A morphism of $\mathbf C$ is an object $f$, together with:
- A domain $\operatorname {dom} f$, which is an object of $\mathbf C$
- A codomain $\operatorname {cod} f$, also an object of $\mathbf C$
The collection of all morphisms of $\mathbf C$ is denoted $\mathbf C_1$.
If $A$ is the domain of $f$ and $B$ is its codomain, this is mostly represented by writing:
- $f: A \to B$ or $A \stackrel f \longrightarrow B$
Motivation
A morphism is one of the two basic concepts of a metacategory, and therefore of category theory.
The other one is the notion of an object.
Thus in order to discuss a particular metacategory, it is necessary to specify what exactly its morphisms are.
Note that a morphism is defined to be an object.
This should not be confused with an object of $\mathbf C$.

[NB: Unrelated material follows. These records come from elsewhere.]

lemma Rset_G_subset: "Rset G \<subseteq> (\<Union>i<n. Rset (H i))"
proof
  fix d assume "d \<in> Rset G"
  then obtain a z z' where d: "2 \<le> d" and a: "a \<in> carrier G" and z: "z \<in> Zs G a" "z' \<in> Zs G a"
    "z \<noteq> z'" "fdist z z' = d" "\<not> is_chain (Zs G a) (d - 1) z z'"
    unfolding Rset_def by blast
  obtain W W' where W: "W \<in> factor_tuples a" "W' \<in> factor_tuples a" "z = merge W" "z' = merge W'"
    using z(1,2) Zs_G_eq[OF a] by auto
  have dist: "tuple_dist W W' = d" using z(4) fdist_merge[OF W(1,2)] W(3,4) by simp
  obtain i where i: "i < n" "W i \<noteq> W' i" using z(3) W factor_tuples_eqI by blast
  have others: "W k = W' k" if "k < n" "k \<noteq> i" for k
    using is_chain_merge_if_two_coordinates_differ[OF a W(1,2) i(1) that(1) that(2)[symmetric] i(2)]
      z(5) W(3,4) dist by auto
  have "fdist (W i) (W' i) = d" using tuple_dist_eq_fdist[OF i(1) others] dist by simp
  moreover have "\<not> is_chain (Zs (H i) (a i)) (d - 1) (W i) (W' i)"
  proof
    assume ch: "is_chain (Zs (H i) (a i)) (d - 1) (W i) (W' i)"
    have "is_chain (Zs G a) (d - 1) (merge W) (merge W')"
    proof (rule is_chain_merge[OF a W(1,2)])
      fix k assume k: "k < n"
      show "is_chain (Zs (H k) (a k)) (d - 1) (W k) (W' k)"
        using ch others[OF k] is_chain_refl[OF factor_tuples_apply[OF W(2) k]] by (cases "k = i") auto
    qed
    then show False using z(5) W(3,4) by simp
  qed
  ultimately have "d \<in> Rset (H i)"
    unfolding Rset_def using d carrier_apply[OF a i(1)] factor_tuples_apply[OF W(1) i(1)]
      factor_tuples_apply[OF W(2) i(1)] i(2) by blast
  then show "d \<in> (\<Union>i<n. Rset (H i))" using i(1) by blast
qed

definition ambiguous_coordinates :: "(nat \<Rightarrow> 'a) \<Rightarrow> nat set" where
  "ambiguous_coordinates a = {k. k < n \<and> (\<exists>y\<in>Zs (H k) (a k). \<exists>y'\<in>Zs (H k) (a k). y \<noteq> y')}"

lemma ambiguous_coordinates_nonempty:
  assumes a: "a \<in> carrier G" and z: "z \<in> Zs G a" "z' \<in> Zs G a" "z \<noteq> z'"
  shows "ambiguous_coordinates a \<noteq> {}"
proof -
  obtain W W' where W: "W \<in> factor_tuples a" "W' \<in> factor_tuples a" "W \<noteq> W'"
    using z Zs_G_eq[OF a] by auto
  then obtain k where "k < n" "W k \<noteq> W' k" using factor_tuples_eqI by blast
  then have "k \<in> ambiguous_coordinates a"
    unfolding ambiguous_coordinates_def using factor_tuples_apply[OF W(1)] factor_tuples_apply[OF W(2)] by blast
  then show ?thesis by blast
qed

lemma catenary_degree_G_eq_Max:
  assumes BF: "\<And>i. i < n \<Longrightarrow> BF_monoid (H i)" and a: "a \<in> carrier G" and ne: "Zs G a \<noteq> {}"
    and K: "ambiguous_coordinates a \<noteq> {}"
  shows "catenary_degree G a = Max ((\<lambda>k. catenary_degree (H k) (a k)) ` ambiguous_coordinates a)"
proof -
  let ?K = "ambiguous_coordinates a"
  have trivial: "chain_connected (Zs (H k) (a k)) N" if "k < n" "k \<notin> ?K" for k N
    using that by (intro chain_connected_subsingleton) (auto simp: ambiguous_coordinates_def)
  have "chain_connected (Zs G a) N \<longleftrightarrow> (\<forall>k<n. chain_connected (Zs (H k) (a k)) N)" for N
    by (rule chain_connected_G_iff[OF a ne])
  also have "\<dots> N \<longleftrightarrow> (\<forall>k\<in>?K. chain_connected (Zs (H k) (a k)) N)" for N
    using trivial by (metis (no_types, lifting) ambiguous_coordinates_def mem_Collect_eq)
  finally have "catenary_degree G a = (LEAST N. \<forall>k\<in>?K. chain_connected (Zs (H k) (a k)) N)"
    by (simp add: catenary_degree_eq_Least)
  also have "\<dots> = Max ((\<lambda>k. catenary_degree (H k) (a k)) ` ?K)"
    unfolding catenary_degree_eq_Least
  proof (rule Least_Ball_eq_Max_Least)
    fix k assume "k \<in> ?K"
    then have "finite (Ls (H k) (a k))"
      using BF carrier_apply[OF a] by (auto simp: ambiguous_coordinates_def BF_monoid_def)
    then show "\<exists>N. chain_connected (Zs (H k) (a k)) N"
      using chain_connected_Max_Ls[of "H k" "a k"] by blast
  next
    fix k N M assume "N \<le> M" "chain_connected (Zs (H k) (a k)) N"
    then show "chain_connected (Zs (H k) (a k)) M" by (rule chain_connected_mono)
  next
    show "finite ?K" by (simp add: ambiguous_coordinates_def)
  qed (rule K)
  finally show ?thesis .
qed

lemma Ca_G_subset:
  assumes BF: "\<And>i. i < n \<Longrightarrow> BF_monoid (H i)"
  shows "Ca G \<subseteq> (\<Union>i<n. Ca (H i))"
proof
  fix c assume "c \<in> Ca G"
  then obtain a z z' where a: "a \<in> carrier G" and z: "z \<in> Zs G a" "z' \<in> Zs G a" "z \<noteq> z'"
    and c: "c = catenary_degree G a"
    unfolding Ca_def by blast
  note K = ambiguous_coordinates_nonempty[OF a z]
  have ne: "Zs G a \<noteq> {}" using z(1) by blast
  have "c = Max ((\<lambda>k. catenary_degree (H k) (a k)) ` ambiguous_coordinates a)"
    using c catenary_degree_G_eq_Max[OF BF a ne K] by simp
  also have "\<dots> \<in> (\<lambda>k. catenary_degree (H k) (a k)) ` ambiguous_coordinates a"
    using K by (intro Max_in) (simp_all add: ambiguous_coordinates_def)
  finally have "c \<in> (\<lambda>k. catenary_degree (H k) (a k)) ` ambiguous_coordinates a" .
  then obtain k where k: "k < n" "\<exists>y\<in>Zs (H k) (a k). \<exists>y'\<in>Zs (H k) (a k). y \<noteq> y'"
    and "c = catenary_degree (H k) (a k)"
    by (auto simp: ambiguous_coordinates_def)
  then have "c \<in> Ca (H k)"
    unfolding Ca_def using carrier_apply[OF a k(1)] by blast
  then show "c \<in> (\<Union>i<n. Ca (H i))" using k(1) by blast
qed

lemma Ls_G_eq: "a \<in> carrier G \<Longrightarrow> Ls G a = (\<lambda>W. \<Sum>k<n. size (W k)) ` factor_tuples a"
  by (simp add: Ls_def Zs_G_eq image_image size_merge)

lemma Ls_mult_atoms_distinct_coordinates:
  assumes u: "u \<in> carrier G" "i < n" "irreducible (H i) (u i)" "\<And>k. k < n \<Longrightarrow> k \<noteq> i \<Longrightarrow> u k \<in> Units (H k)"
    and v: "v \<in> carrier G" "j < n" "irreducible (H j) (v j)" "\<And>k. k < n \<Longrightarrow> k \<noteq> j \<Longrightarrow> v k \<in> Units (H k)"
    and ij: "i \<noteq> j"
  shows "Ls G (u \<otimes>\<^bsub>G\<^esub> v) \<subseteq> {2}"
proof -
  let ?w = "u \<otimes>\<^bsub>G\<^esub> v"
  have w: "?w \<in> carrier G" "\<And>k. k < n \<Longrightarrow> ?w k = u k \<otimes>\<^bsub>H k\<^esub> v k"
    using u(1) v(1) by (simp_all add: mult_apply)
  have size: "size (W k) = (if k = i then 1 else 0) + (if k = j then 1 else 0)" if W: "W \<in> factor_tuples ?w" and k: "k < n" for W k
  proof -
    interpret Hk: comm_monoid_cancel "H k" by (rule comm_monoid_cancel_factor[OF k])
    have uv: "u k \<in> carrier (H k)" "v k \<in> carrier (H k)" using carrier_apply u(1) v(1) k by auto
    consider "k = i" | "k = j" | "k \<noteq> i" "k \<noteq> j" by blast
    then show ?thesis
    proof cases
      case 1
      then have "irreducible (H k) (?w k)"
        using Hk.irreducible_prod_rI u(3) v(4)[OF k] ij uv w(2)[OF k] by simp
      then show ?thesis using Hk.size_Zs_irreducible factor_tuples_apply[OF W k] w(1) carrier_apply 1 k ij by auto
    next
      case 2
      then have "irreducible (H k) (?w k)"
        using Hk.irreducible_prod_lI v(3) u(4)[OF k] ij uv w(2)[OF k] by simp
      then show ?thesis using Hk.size_Zs_irreducible factor_tuples_apply[OF W k] w(1) carrier_apply 2 k ij by auto
    next
      case 3
      then have "?w k \<in> Units (H k)" using u(4) v(4) k uv w(2)[OF k] by simp
      then show ?thesis using Hk.Zs_Units factor_tuples_apply[OF W k] 3 by auto
    qed
  qed
  have "(\<Sum>k<n. size (W k)) = 2" if "W \<in> factor_tuples ?w" for W
    using size[OF that] u(2) v(2) by (simp add: sum.distrib)
  then show ?thesis using Ls_G_eq[OF w(1)] by auto
qed

lemma daleth_star_G_subset: "daleth_star G \<subseteq> (\<Union>i<n. daleth_star (H i))"
proof
  fix d assume "d \<in> daleth_star G"
  then obtain u v where uv: "u \<in> atoms G" "v \<in> atoms G"
    and card: "card (Ls G (u \<otimes>\<^bsub>G\<^esub> v)) > 1" and d: "d = Min (Ls G (u \<otimes>\<^bsub>G\<^esub> v) - {2})"
    unfolding daleth_star_def by blast
  have u: "u \<in> carrier G" "irreducible G u" and v: "v \<in> carrier G" "irreducible G v"
    using uv by (auto simp: atoms_def)
  obtain i where i: "i < n" "irreducible (H i) (u i)" "\<And>k. k < n \<Longrightarrow> k \<noteq> i \<Longrightarrow> u k \<in> Units (H k)"
    using irreducible_G_E[OF u] by blast
  obtain j where j: "j < n" "irreducible (H j) (v j)" "\<And>k. k < n \<Longrightarrow> k \<noteq> j \<Longrightarrow> v k \<in> Units (H k)"
    using irreducible_G_E[OF v] by blast
  have "i = j"
  proof (rule ccontr)
    assume "i \<noteq> j"
    then have "Ls G (u \<otimes>\<^bsub>G\<^esub> v) \<subseteq> {2}"
      using Ls_mult_atoms_distinct_coordinates[OF u(1) i v(1) j] by blast
    then have "card (Ls G (u \<otimes>\<^bsub>G\<^esub> v)) \<le> card {2::nat}"
      by (rule card_mono[rotated]) simp
    then show False using card by simp
  qed
  have "(u \<otimes>\<^bsub>G\<^esub> v) k \<in> Units (H k)" if "k < n" "k \<noteq> i" for k
    using i(3) j(3) \<open>i = j\<close> that carrier_apply u(1) v(1) monoid.Units_m_closed[OF monoid_factor] by (simp add: mult_apply)
  then have "Ls G (u \<otimes>\<^bsub>G\<^esub> v) = Ls (H i) (u i \<otimes>\<^bsub>H i\<^esub> v i)"
    using Ls_G_concentrated[OF G.m_closed[OF u(1) v(1)] i(1)] i(1) by (simp add: mult_apply)
  moreover have "u i \<in> atoms (H i)" "v i \<in> atoms (H i)"
    using i(2) j(2) \<open>i = j\<close> carrier_apply[OF u(1) i(1)] carrier_apply[OF v(1) i(1)] by (auto simp: atoms_def)
  ultimately have "d \<in> daleth_star (H i)"
    using card d unfolding daleth_star_def by (intro CollectI exI[of _ "u i"] exI[of _ "v i"]) simp
  then show "d \<in> (\<Union>i<n. daleth_star (H i))" using i(1) by blast
qed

Usually, the morphisms of a metacategory $\mathbf C$ are not also objects of $\mathbf C$.
Also known as
A morphism is also known as:
Also see
- Definition:Object (Category Theory)
- Definition:Metacategory
- Definition:Metagraph
- Definition:Identity Morphism
- Results about morphisms can be found here.
Sources
- 1998: David Nelson: The Penguin Dictionary of Mathematics (2nd ed.) ... (previous) ... (next): category: 2.
- 1998: David Nelson: The Penguin Dictionary of Mathematics (2nd ed.) ... (previous) ... (next): morphism
- 2008: David Nelson: The Penguin Dictionary of Mathematics (4th ed.) ... (previous) ... (next): category: 2.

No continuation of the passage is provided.